Rentrer tôt offrait entre autres l’avantage d’être là pour accueillir les enfants à leur retour de l’école. Motholeli arrivait toujours après Puso, car il fallait pousser son fauteuil roulant sur tout le trajet. Les filles de sa classe avaient mis au point un système de rotation et, à tour de rôle, elles se chargeaient de ramener leur camarade chez elle. Au départ, les garçons y participaient eux aussi, se disputant pour avoir le privilège de pousser le fauteuil, mais on avait rapidement jugé leurs services insatisfaisants. Certains – et même la plupart – ne pouvaient résister à la tentation de pousser le fauteuil trop vite et il y avait eu un malheureux accident lorsque l’un d’eux en avait perdu le contrôle. Motholeli avait été propulsée à toute vitesse dans le fossé et était tombée du fauteuil. Elle ne s’était pas fait mal, mais le garçon, effrayé, s’était enfui à toutes jambes et un passant, un cuisinier qui travaillait dans une grande maison de Nyerere Drive, était venu à son secours. Il l’avait aidée à se rasseoir dans le fauteuil et l’avait raccompagnée, à vitesse raisonnable, jusque chez elle.

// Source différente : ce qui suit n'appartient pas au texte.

(* unimodular binarization polytope B in Gamma^u_u:
   B perfect, B = conv{(j,w^j) : j=0..u}, w^j in {0,1}^u, and the matrix with
   columns w^j - w^0 (j=1..u) is integral with determinant +-1.
   Column j-1 (0-based) is w^j - w^0; entry (k, j-1) is w^j_k - w^0_k. *)
definition unimodular_binpoly :: "nat \<Rightarrow> (real \<times> (nat \<Rightarrow> real)) set \<Rightarrow> bool" where
  "unimodular_binpoly u B \<longleftrightarrow>
     B \<in> Gamma u u \<and> perfect u u B \<and>
     (\<exists>w :: nat \<Rightarrow> nat \<Rightarrow> real.
        (\<forall>j\<le>u. w j \<in> bin u) \<and>
        B = convex hull {(real j, w j) | j. j \<le> u} \<and>
        (\<forall>k<u. \<forall>j<u. w (Suc j) k - w 0 k \<in> \<int>) \<and>
        (det_nat u (\<lambda>k j. w (Suc j) k - w 0 k) = 1 \<or>
         det_nat u (\<lambda>k j. w (Suc j) k - w 0 k) = -1))"

definition polyP :: "nat \<Rightarrow> nat \<Rightarrow> (nat \<Rightarrow> nat \<Rightarrow> real) \<Rightarrow> (nat \<Rightarrow> real)
                     \<Rightarrow> nat \<Rightarrow> (nat \<Rightarrow> nat) \<Rightarrow> (nat \<Rightarrow> real) set" where
  "polyP n m A b l u = {x \<in> vecs n. (\<forall>r<m. (\<Sum>j<n. A r j * x j) \<le> b r) \<and>
                                    (\<forall>i<l. 0 \<le> x i \<and> x i \<le> real (u i))}"

(* offset of the block z_i inside the new variables: q_i = u_i *)
definition offs :: "(nat \<Rightarrow> nat) \<Rightarrow> nat \<Rightarrow> nat" where
  "offs u i = (\<Sum>k<i. u k)"

(* P_B in R^{n+q}, q = sum_{i<l} u_i; coordinates 0..n-1 are x, coordinate
   n + offs u i + k (k < u_i) is the k-th entry of z_i *)
definition P_scheme :: "nat \<Rightarrow> (nat \<Rightarrow> real) set \<Rightarrow> nat \<Rightarrow> (nat \<Rightarrow> nat)
                        \<Rightarrow> (nat \<Rightarrow> (real \<times> (nat \<Rightarrow> real)) set) \<Rightarrow> (nat \<Rightarrow> real) set" where
  "P_scheme n P l u B = {y \<in> vecs (n + offs u l).
      (\<lambda>j. if j < n then y j else 0) \<in> P \<and>
      (\<forall>i<l. (y i, (\<lambda>k. if k < u i then y (n + offs u i + k) else 0)) \<in> B i)}"

(* I_B = {1..l} \<union> {n+1..n+q} (here 0-based) *)
definition I_scheme :: "nat \<Rightarrow> nat \<Rightarrow> (nat \<Rightarrow> nat) \<Rightarrow> nat set" where
  "I_scheme n l u = {0..<l} \<union> {n..<n + offs u l}"

definition split_closure :: "nat \<Rightarrow> (nat \<Rightarrow> real) set \<Rightarrow> nat set \<Rightarrow> (nat \<Rightarrow> real) set" where
  "split_closure N X J = \<Inter> {convex hull (X - S) | S.
      \<exists>(\<pi>::nat \<Rightarrow> int) (\<pi>0::int). (\<forall>j. j \<notin> J \<or> N \<le> j \<longrightarrow> \<pi> j = 0) \<and>
        S = {y. of_int \<pi>0 < (\<Sum>j<N. of_int (\<pi> j) * y j) \<and>
                (\<Sum>j<N. of_int (\<pi> j) * y j) < of_int \<pi>0 + 1}}"

definition proj_x :: "nat \<Rightarrow> (nat \<Rightarrow> real) set \<Rightarrow> (nat \<Rightarrow> real) set" where
  "proj_x n Y = (\<lambda>y j. if j < n then y j else 0) ` Y"

end

(*
  If B and C are unimodular binarization polytopes of the same variable, with vertices (j, w^j) and
  (j, v^j), then the affine map z |-> v^0 + V W^-1 (z - w^0), where W and V have the columns
  w^j - w^0 and v^j - v^0, sends B into C, and it is integral because W is unimodular. Applying such
  maps blockwise to the new variables and fixing x gives an integral affine map F with F(P_B) in P_C
  that preserves x. Its linear part never moves a coordinate outside I_B into one in I_C, so the
  preimage of every split disjunction admissible for (P_C, I_C) is admissible for (P_B, I_B);
  hence F maps SC(P_B, I_B) into SC(P_C, I_C) and the x-projections are nested. Symmetry gives
  equality.
*)
theory Submission
  imports Defs "Jordan_Normal_Form.Determinant"
begin

definition affine_map ::
  "nat \<Rightarrow> (nat \<Rightarrow> nat \<Rightarrow> real) \<Rightarrow> (nat \<Rightarrow> real) \<Rightarrow> (nat \<Rightarrow> real) \<Rightarrow> nat \<Rightarrow> real"
  where "affine_map N L c y = (\<lambda>j. if j < N then c j + (\<Sum>k<N. L j k * y k) else 0)"

lemma affine_map_cong: "\<forall>k<N. y k = y' k \<Longrightarrow> affine_map N L c y = affine_map N L c y'"
  unfolding affine_map_def by (auto intro!: sum.cong)

lemma affine_map_combination:
  assumes "a + b = 1"
  shows "affine_map N L c (a *\<^sub>R y + b *\<^sub>R y') = a *\<^sub>R affine_map N L c y + b *\<^sub>R affine_map N L c y'"
proof -
  have "c j = a * c j + b * c j" for j
    using assms by (metis distrib_right mult_1)
  then show ?thesis
    by (auto simp: fun_eq_iff affine_map_def scaleR_fun_def sum_distrib_left sum.distrib[symmetric]
        algebra_simps)
qed

lemma convex_hull_affine_image_subset:
  fixes f :: "'a::real_vector \<Rightarrow> 'b::real_vector"
  assumes "\<And>x y a b. a + b = 1 \<Longrightarrow> f (a *\<^sub>R x + b *\<^sub>R y) = a *\<^sub>R f x + b *\<^sub>R f y"
  shows "f ` (convex hull X) \<subseteq> convex hull (f ` X)"
proof -
  have "convex {x. f x \<in> convex hull (f ` X)}"
    by (rule convexI) (auto simp: assms intro!: convexD[OF convex_convex_hull])
  moreover have "X \<subseteq> {x. f x \<in> convex hull (f ` X)}"
    by (auto intro: hull_inc)
  ultimately have "convex hull X \<subseteq> {x. f x \<in> convex hull (f ` X)}"
    by (rule hull_minimal[rotated])
  then show ?thesis by auto
qed

lemma sum_mult_affine_map:
  "(\<Sum>j<N. p j * affine_map N L c y j) = (\<Sum>k<N. (\<Sum>j<N. p j * L j k) * y k) + (\<Sum>j<N. p j * c j)"
proof -
  have "(\<Sum>j<N. p j * affine_map N L c y j) = (\<Sum>j<N. \<Sum>k<N. p j * L j k * y k) + (\<Sum>j<N. p j * c j)"
    by (simp add: affine_map_def sum.distrib sum_distrib_left algebra_simps)
  also have "(\<Sum>j<N. \<Sum>k<N. p j * L j k * y k) = (\<Sum>k<N. (\<Sum>j<N. p j * L j k) * y k)"
    by (subst sum.swap) (simp add: sum_distrib_right)
  finally show ?thesis .
qed

definition split_set :: "nat \<Rightarrow> (nat \<Rightarrow> int) \<Rightarrow> int \<Rightarrow> (nat \<Rightarrow> real) set" where
  "split_set N \<pi> \<pi>0 = {y. of_int \<pi>0 < (\<Sum>j<N. of_int (\<pi> j) * y j) \<and>
                          (\<Sum>j<N. of_int (\<pi> j) * y j) < of_int \<pi>0 + 1}"

lemma mem_split_closure_iff:
  "y \<in> split_closure N X J \<longleftrightarrow>
     (\<forall>\<pi> \<pi>0. (\<forall>j. j \<notin> J \<or> N \<le> j \<longrightarrow> \<pi> j = 0) \<longrightarrow> y \<in> convex hull (X - split_set N \<pi> \<pi>0))"
  unfolding split_closure_def split_set_def by blast

text \<open>Since \<open>L\<close> never maps a coordinate outside \<open>J\<close> into one in \<open>J\<close>, the pulled back
  direction \<open>\<pi>\<^sup>T L\<close> is again an integral direction supported on \<open>J\<close>.\<close>
lemma affine_map_vimage_split_set:
  assumes L: "\<forall>j k. L j k \<in> \<int>" and c: "\<forall>j. c j \<in> \<int>"
    and L_J: "\<forall>j k. j \<in> J \<longrightarrow> k \<notin> J \<longrightarrow> L j k = 0"
    and \<pi>: "\<forall>j. j \<notin> J \<or> N \<le> j \<longrightarrow> \<pi> j = 0"
  obtains \<pi>' \<pi>0' where "\<forall>j. j \<notin> J \<or> N \<le> j \<longrightarrow> \<pi>' j = 0"
    and "affine_map N L c -` split_set N \<pi> \<pi>0 = split_set N \<pi>' \<pi>0'"
proof -
  define p where "p k = (if k < N then (\<Sum>j<N. of_int (\<pi> j) * L j k) else 0)" for k
  define K where "K = (\<Sum>j<N. of_int (\<pi> j) * c j)"
  have p_Ints: "p k \<in> \<int>" for k
    unfolding p_def using L by (auto intro!: Ints_mult)
  have K_Ints: "K \<in> \<int>"
    unfolding K_def using c by (auto intro!: Ints_mult)
  have p_zero: "p k = 0" if "k \<notin> J \<or> N \<le> k" for k
    unfolding p_def using that \<pi> L_J by (auto intro!: sum.neutral) blast
  have inner: "(\<Sum>j<N. of_int (\<pi> j) * affine_map N L c y j) = (\<Sum>k<N. p k * y k) + K" for y
    unfolding sum_mult_affine_map p_def K_def by simp
  have p_floor: "of_int \<lfloor>p k\<rfloor> = p k" for k
    using p_Ints by (metis Ints_cases floor_of_int)
  have K_floor: "of_int \<lfloor>K\<rfloor> = K"
    using K_Ints by (metis Ints_cases floor_of_int)
  have "\<forall>j. j \<notin> J \<or> N \<le> j \<longrightarrow> \<lfloor>p j\<rfloor> = 0"
    using p_zero by simp
  moreover have "affine_map N L c -` split_set N \<pi> \<pi>0 = split_set N (\<lambda>k. \<lfloor>p k\<rfloor>) (\<pi>0 - \<lfloor>K\<rfloor>)"
    by (auto simp: split_set_def inner p_floor K_floor algebra_simps)
  ultimately show thesis
    by (rule that)
qed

— Ce garçon est un imbécile, avait-il dit.
— D’habitude, il est gentil, avait protesté Motholeli. Mais là, il a eu peur. Il a dû croire que j’étais morte ou quelque chose comme ça.

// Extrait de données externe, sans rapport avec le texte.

lemma bang_bang_difference_estimate:
  assumes u: "bang_bang a b \<phi> u" and w: "bang_bang a' b' \<psi> w"
    and a: "\<bar>a - a'\<bar> \<le> D" and b: "\<bar>b - b'\<bar> \<le> D"
  shows "\<bar>\<phi>\<bar> * max 0 (\<bar>u - w\<bar> - D) - \<bar>\<psi> - \<phi>\<bar> * D \<le> (\<psi> - \<phi>) * (u - w)"
proof -
  have "0 \<le> D" using a by linarith
  then have nonneg: "0 \<le> \<bar>\<psi> - \<phi>\<bar> * D" by simp
  consider "\<bar>u - w\<bar> \<le> D" | "D < \<bar>u - w\<bar>" by linarith
  then show ?thesis
  proof cases
    case 1
    have "\<bar>(\<psi> - \<phi>) * (u - w)\<bar> \<le> \<bar>\<psi> - \<phi>\<bar> * D"
      unfolding abs_mult using 1 by (intro mult_left_mono) auto
    then show ?thesis using 1 by auto
  next
    case 2
    have "\<phi> * (u - w) \<le> 0 \<and> 0 \<le> \<psi> * (u - w)"
    proof (cases "w < u")
      case True
      then have "\<phi> \<le> 0" "0 \<le> \<psi>" using 2 u w a b by (auto simp: bang_bang_def abs_le_iff)
      then show ?thesis using True by (simp add: mult_nonpos_nonneg)
    next
      case False
      then have "0 \<le> \<phi>" "\<psi> \<le> 0" using 2 u w a b by (auto simp: bang_bang_def abs_le_iff)
      then show ?thesis using False by (simp add: mult_nonneg_nonpos mult_nonpos_nonpos)
    qed
    then have "\<bar>\<phi>\<bar> * \<bar>u - w\<bar> \<le> (\<psi> - \<phi>) * (u - w)"
      by (simp add: abs_mult[symmetric] abs_of_nonpos left_diff_distrib)
    moreover have "\<bar>\<phi>\<bar> * max 0 (\<bar>u - w\<bar> - D) \<le> \<bar>\<phi>\<bar> * \<bar>u - w\<bar>"
      using \<open>0 \<le> D\<close> by (intro mult_left_mono) auto
    ultimately show ?thesis using nonneg by linarith
  qed
qed

lemma clamp_to_perturbed_box:
  fixes a b a' b' u w D :: real
  assumes "a \<le> u" "u \<le> b" "a' \<le> w" "w \<le> b'" "\<bar>a - a'\<bar> \<le> D" "\<bar>b - b'\<bar> \<le> D"
  defines "v \<equiv> max (max a (w - D)) (min (min b (w + D)) u)"
  shows "a \<le> v \<and> v \<le> b \<and> \<bar>w - v\<bar> \<le> D" "\<bar>v - u\<bar> \<le> max 0 (\<bar>u - w\<bar> - D)"
proof -
  have "a \<le> b" "a \<le> w + D" "w \<le> b + D" "0 \<le> D" using assms(1-6) by (auto simp: abs_le_iff)
  then show "a \<le> v \<and> v \<le> b \<and> \<bar>w - v\<bar> \<le> D" unfolding v_def by (auto simp: max_def min_def)
  show "\<bar>v - u\<bar> \<le> max 0 (\<bar>u - w\<bar> - D)"
    using assms(1,2) \<open>0 \<le> D\<close> unfolding v_def by (auto simp: max_def min_def abs_if)
qed

lemma excess_lower_bound:
  fixes \<epsilon> t T D \<phi> :: real
  assumes "0 < \<epsilon>" "\<bar>t\<bar> \<le> T" "0 \<le> D"
  shows "\<epsilon> * \<bar>t\<bar> - \<epsilon> * D - \<epsilon> * T * of_bool (\<bar>\<phi>\<bar> \<le> \<epsilon>) \<le> \<bar>\<phi>\<bar> * max 0 (\<bar>t\<bar> - D)"
proof (cases "\<bar>\<phi>\<bar> \<le> \<epsilon>")
  case True
  have "\<epsilon> * \<bar>t\<bar> \<le> \<epsilon> * T" "0 \<le> \<epsilon> * D" using assms by (auto intro: mult_left_mono)
  then have "\<epsilon> * \<bar>t\<bar> - \<epsilon> * D - \<epsilon> * T * of_bool (\<bar>\<phi>\<bar> \<le> \<epsilon>) \<le> 0"
    using True by simp
  also have "0 \<le> \<bar>\<phi>\<bar> * max 0 (\<bar>t\<bar> - D)" by simp
  finally show ?thesis .
next
  case False
  have "\<epsilon> * (\<bar>t\<bar> - D) \<le> \<epsilon> * max 0 (\<bar>t\<bar> - D)" using assms by (intro mult_left_mono) auto
  also have "\<dots> \<le> \<bar>\<phi>\<bar> * max 0 (\<bar>t\<bar> - D)" using False by (intro mult_right_mono) auto
  finally show ?thesis using False by (simp add: algebra_simps)
qed

lemma integrable_mult_bounded:
  fixes f g :: "'a \<Rightarrow> real"
  assumes "integrable M f" "g \<in> borel_measurable M" "AE x in M. \<bar>g x\<bar> \<le> C"
  shows "integrable M (\<lambda>x. f x * g x)"
proof (rule Bochner_Integration.integrable_bound[where f="\<lambda>x. \<bar>C\<bar> * f x"])
  show "integrable M (\<lambda>x. \<bar>C\<bar> * f x)" using assms(1) by simp
  show "(\<lambda>x. f x * g x) \<in> borel_measurable M" using assms(1,2) by measurable
  show "AE x in M. norm (f x * g x) \<le> norm (\<bar>C\<bar> * f x)"
    using assms(3) by eventually_elim (simp add: abs_mult, metis abs_ge_zero mult.commute mult_left_mono)
qed
(* Let $f_0,f_1:X\to\mathbb{R}$ be Morse functions, $\{m^0_{x,y}\}$, $\{m^1_{x',y'}\}$ twisting cocycles for $f_0$, $f_1$, and let $\{\tau_{x,y'}\}$, $\{\tau'_{x,y'}\}$ ($\tau_{x,y'},\tau'_{x,y'}\in C_{|x|-|y'|}(\Omega X)$, $x\in\mathrm{Crit}(f_0)$, $y'\in\mathrm{Crit}(f_1)$) both satisfy $\partial\tau_{x,y'}=\sum_z m^0_{x,z}\tau_{z,y'}-\sum_{w'}(-1)^{|x|-|w'|}\tau_{x,w'}m^1_{w',y'}$; let $\Psi,\Psi'$ be the associated morphisms $C_*(X,m^0,\mathcal{F})\to C_*(X,m^1,\mathcal{F})$, $\Psi=\sum_{n\ge1}\sum_{u=1}^n(-1)^{u-1}(\nu_{n+1}\otimes1)\tilde{\mathbf m}_{(1)}^{n-u}\tilde{\boldsymbol\tau}\tilde{\mathbf m}_{(0)}^{u-1}$ (and likewise $\Psi'$ with $\tau'$), for an $\mathcal{A}_\infty$-module $\mathcal{F}$ over $C_*(\Omega X)$. Suppose there is a family $\{h_{x,y'}\in C_{|x|-|y'|+1}(\Omega X)\}$ with $$\partial h_{x,y'}=\tau_{x,y'}-\tau'_{x,y'}+\sum_{z\in\mathrm{Crit}(f_0)}(-1)^{|x|-|z|}m^0_{x,z}h_{z,y'}+\sum_{w'\in\mathrm{Crit}(f_1)}(-1)^{|x|-|w'|}h_{x,w'}m^1_{w',y'}.$$ Then $H=\sum_{n\ge1}\sum_{u=1}^n(\nu_{n+1}\otimes1)\tilde{\mathbf m}_{(1)}^{n-u}\tilde{\boldsymbol h}\tilde{\mathbf m}_{(0)}^{u-1}:C_*(X,m^0,\mathcal{F})\to C_{*+1}(X,m^1,\mathcal{F})$ is a chain homotopy between $\Psi$ and $\Psi'$.
   Context: $C_*(\Omega X)$: cubical chains on Moore based loops, an $\mathcal{A}_\infty$-algebra with $\mu_1$ the differential, $\mu_2$ the Pontryagin product, $\mu_i=0$ for $i\ge3$; Koszul sign rule throughout. Twisting cocycles satisfy $\partial m_{x,y}=\sum_z(-1)^{|x|-|z|}m_{x,z}m_{z,y}$, $m_{x,y}\in C_{|x|-|y|-1}(\Omega X)$. $(\mathcal{F},\nu_n)$ is an $\mathcal{A}_\infty$-module: $\nu_n:\mathcal{F}\otimes C_*(\Omega X)^{\otimes n-1}\to\mathcal{F}$ of degree $n-2$ with $\sum_{s+t=N,s\ge1}(-1)^{st}\nu_{t+1}(\nu_s\otimes1^{\otimes t})+\sum_{r+s+t=N,r,s\ge1}(-1)^{r+st}\nu_{r+t+1}(1^{\otimes r}\otimes\mu_s\otimes1^{\otimes t})=0$. For a family $c=\{c_{x,y}\}$ indexed by critical points, $\mathbf c(x)=\sum_y c_{x,y}\otimes y$ and $\tilde{\mathbf c}(\alpha\otimes\gamma_1\otimes\cdots\otimes\gamma_k\otimes x)=(1^{\otimes k+1}\otimes\mathbf c)(\alpha\otimes\gamma_1\otimes\cdots\otimes\gamma_k\otimes x)$; this defines $\tilde{\mathbf m}_{(0)},\tilde{\mathbf m}_{(1)}$ (from $m^0,m^1$), $\tilde{\boldsymbol\tau}$ and $\tilde{\boldsymbol h}$ (degree $1$). $C_*(X,m^i,\mathcal{F})=\mathcal{F}\otimes\mathbb{Z}\mathrm{Crit}(f_i)$ with differential $\sum_{n\ge0}(\nu_{n+1}\otimes1)\tilde{\mathbf m}_{(i)}^n$. *)

theory Defs
  imports Main
begin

— Il n’aurait pas dû se sauver, avait répondu le cuisinier. On appelle ça un délit de fuite. Ce n’est pas bien du tout.
Puso, pour sa part, était trop jeune pour qu’on le charge de ramener sa sœur. Certes, il parvenait à pousser le fauteuil roulant, mais il avait tendance à la distraction. On ne pouvait compter sur lui pour aller chercher Motholeli dans sa classe à l’heure dite et il serait capable de perdre tout intérêt pour sa mission au beau milieu du trajet et de courir après un lézard ou un autre animal qui aurait capté son attention. Il était rêveur, lunatique même, et il était souvent difficile de savoir à quoi il pensait.

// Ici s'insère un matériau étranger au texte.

(* Let $(\Omega,\mathcal F)$ be a measurable space, $w$ a capacity, $X$ a bounded measurable function, and $\alpha\in(0,1)$. Then $$\big[\mathrm{VaR}^w_\alpha(X),\overline{\mathrm{VaR}}^w_\alpha(X)\big]=\operatorname*{argmin}_{x\in\mathbb R}\Big\{x+\frac1\alpha\int(X-x)_+\,\mathrm dw\Big\},\qquad \mathrm{ES}^w_\alpha(X)=\min_{x\in\mathbb R}\Big\{x+\frac1\alpha\int(X-x)_+\,\mathrm dw\Big\}.$$
   Context: A capacity is an increasing function $w:\mathcal F\to\mathbb R$ with $w(\varnothing)=0$, $w(\Omega)=1$. For a bounded measurable $Y$, $\int Y\,\mathrm dw=\int_{-\infty}^0(w(Y\ge y)-1)\,\mathrm dy+\int_0^\infty w(Y\ge y)\,\mathrm dy$ (Choquet integral). $\mathrm{VaR}^w_t(X)=\inf\{x\in\mathbb R:w(X\ge x)\le t\}$ and $\overline{\mathrm{VaR}}^w_t(X)=\inf\{x\in\mathbb R:w(X\ge x)<t\}$; $\mathrm{ES}^w_\alpha(X)=\frac1\alpha\int_0^\alpha\mathrm{VaR}^w_t(X)\,\mathrm dt$. $(y)_+=\max(y,0)$. *)

theory Defs
  imports "HOL-Analysis.Analysis"
begin

definition capacity :: "'a measure \<Rightarrow> ('a set \<Rightarrow> real) \<Rightarrow> bool" where
  "capacity M w \<longleftrightarrow>
     (\<forall>A\<in>sets M. \<forall>B\<in>sets M. A \<subseteq> B \<longrightarrow> w A \<le> w B) \<and>
     w {} = 0 \<and> w (space M) = 1"

definition geset :: "'a measure \<Rightarrow> ('a \<Rightarrow> real) \<Rightarrow> real \<Rightarrow> 'a set" where
  "geset M Y y = {\<omega> \<in> space M. y \<le> Y \<omega>}"

definition choquet :: "'a measure \<Rightarrow> ('a set \<Rightarrow> real) \<Rightarrow> ('a \<Rightarrow> real) \<Rightarrow> real" where
  "choquet M w Y =
     integral {..0} (\<lambda>y. w (geset M Y y) - 1) + integral {0..} (\<lambda>y. w (geset M Y y))"

definition VaR :: "'a measure \<Rightarrow> ('a set \<Rightarrow> real) \<Rightarrow> real \<Rightarrow> ('a \<Rightarrow> real) \<Rightarrow> real" where
  "VaR M w t X = Inf {x. w (geset M X x) \<le> t}"

definition VaR_upper :: "'a measure \<Rightarrow> ('a set \<Rightarrow> real) \<Rightarrow> real \<Rightarrow> ('a \<Rightarrow> real) \<Rightarrow> real" where
  "VaR_upper M w t X = Inf {x. w (geset M X x) < t}"

definition ES :: "'a measure \<Rightarrow> ('a set \<Rightarrow> real) \<Rightarrow> real \<Rightarrow> ('a \<Rightarrow> real) \<Rightarrow> real" where
  "ES M w \<alpha> X = (1 / \<alpha>) * integral {0..\<alpha>} (\<lambda>t. VaR M w t X)"

definition es_obj :: "'a measure \<Rightarrow> ('a set \<Rightarrow> real) \<Rightarrow> real \<Rightarrow> ('a \<Rightarrow> real) \<Rightarrow> real \<Rightarrow> real" where
  "es_obj M w \<alpha> X x = x + (1 / \<alpha>) * choquet M w (\<lambda>\<omega>. max (X \<omega> - x) 0)"

end

theory Submission
  imports Defs
begin

(*
  Write f s = w {X \<ge> s}: an antitone function, equal to 1 below and 0 above the range of X.
  The Choquet integral of (X - x)+ is the integral of f over [x, \<infinity>), so the objective
  \<phi> x = x + (1/\<alpha>) \<integral>[x, \<infinity>) f satisfies \<phi> y - \<phi> x = \<integral>[x, y] (1 - f/\<alpha>). Hence \<phi> decreases
  while f > \<alpha> and increases once f < \<alpha>: its minimisers are exactly the points where f crosses
  the level \<alpha>, namely [VaR \<alpha>, upper VaR \<alpha>]. Since t \<mapsto> VaR t is the generalised inverse of f,
  Tonelli gives \<integral>[0, \<alpha>] (VaR t - VaR \<alpha>) dt = \<integral>[VaR \<alpha>, \<infinity>) f, that is ES \<alpha> = \<phi> (VaR \<alpha>).
*)

lemma antimono_on_integrable_on:
  fixes f :: "real \<Rightarrow> real"
  assumes "antimono_on {c..d} f"
  shows "f integrable_on {c..d}"
proof -
  have "mono_on {c..d} (\<lambda>s. - f s)"
    using assms by (auto simp: monotone_on_def)
  then have "(\<lambda>s. - (- f s)) integrable_on {c..d}"
    by (intro integrable_neg integrable_on_mono_on)
  then show ?thesis by simp
qed

lemma antimono_integrable_on:
  fixes f :: "real \<Rightarrow> real"
  shows "antimono f \<Longrightarrow> f integrable_on {c..d}"
  by (rule antimono_on_integrable_on[OF monotone_on_subset[OF _ subset_UNIV]])

lemma integral_le_const_bound:
  fixes f :: "real \<Rightarrow> real"
  assumes "f integrable_on {x..y}" "x \<le> y" "\<And>s. x < s \<Longrightarrow> s \<le> y \<Longrightarrow> f s \<le> c"
  shows "integral {x..y} f \<le> (y - x) * c"
proof -
  let ?g = "\<lambda>s. if s = x then c else f s"
  have "integral {x..y} f = integral {x..y} ?g"
    by (rule integral_spike[of "{x}"]) auto
  also have "\<dots> \<le> integral {x..y} (\<lambda>s. c)"
  proof (rule integral_le)
    show "?g integrable_on {x..y}"
      by (rule integrable_spike_finite[of "{x}" _ _ f]) (use assms(1) in auto)
  qed (use assms(3) in auto)
  finally show ?thesis using assms(2) by simp
qed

— Il pense autrement, disait Mma Ramotswe.
Par délicatesse, elle n’ajoutait pas que la raison évidente de cette différence – dans son esprit et dans celui de la plupart des gens, sans doute – était que dans les veines de Puso coulait une bonne mesure de sang bushman. À cet égard, les gens étaient curieux. Certains se montraient hostiles à ce peuple, mais, de l’avis de Mma Ramotswe, il ne devait pas en être ainsi. « Il y a dans nos cœurs assez de place pour tous les peuples du pays, disait-elle, et les Bushmen sont nos frères et sœurs comme les autres. C’est leur pays aussi bien que le nôtre. » Cela lui semblait évident et elle n’avait pas de temps à consacrer à ceux qui avaient froncé les sourcils en apprenant l’adoption des deux enfants de la ferme des orphelins. Il existait des familles chez lesquelles une telle initiative n’eût jamais été prise, sous prétexte que les deux orphelins n’étaient pas de pur sang tswana, mais ce n’était pas le cas de cette maison de Zebra Drive.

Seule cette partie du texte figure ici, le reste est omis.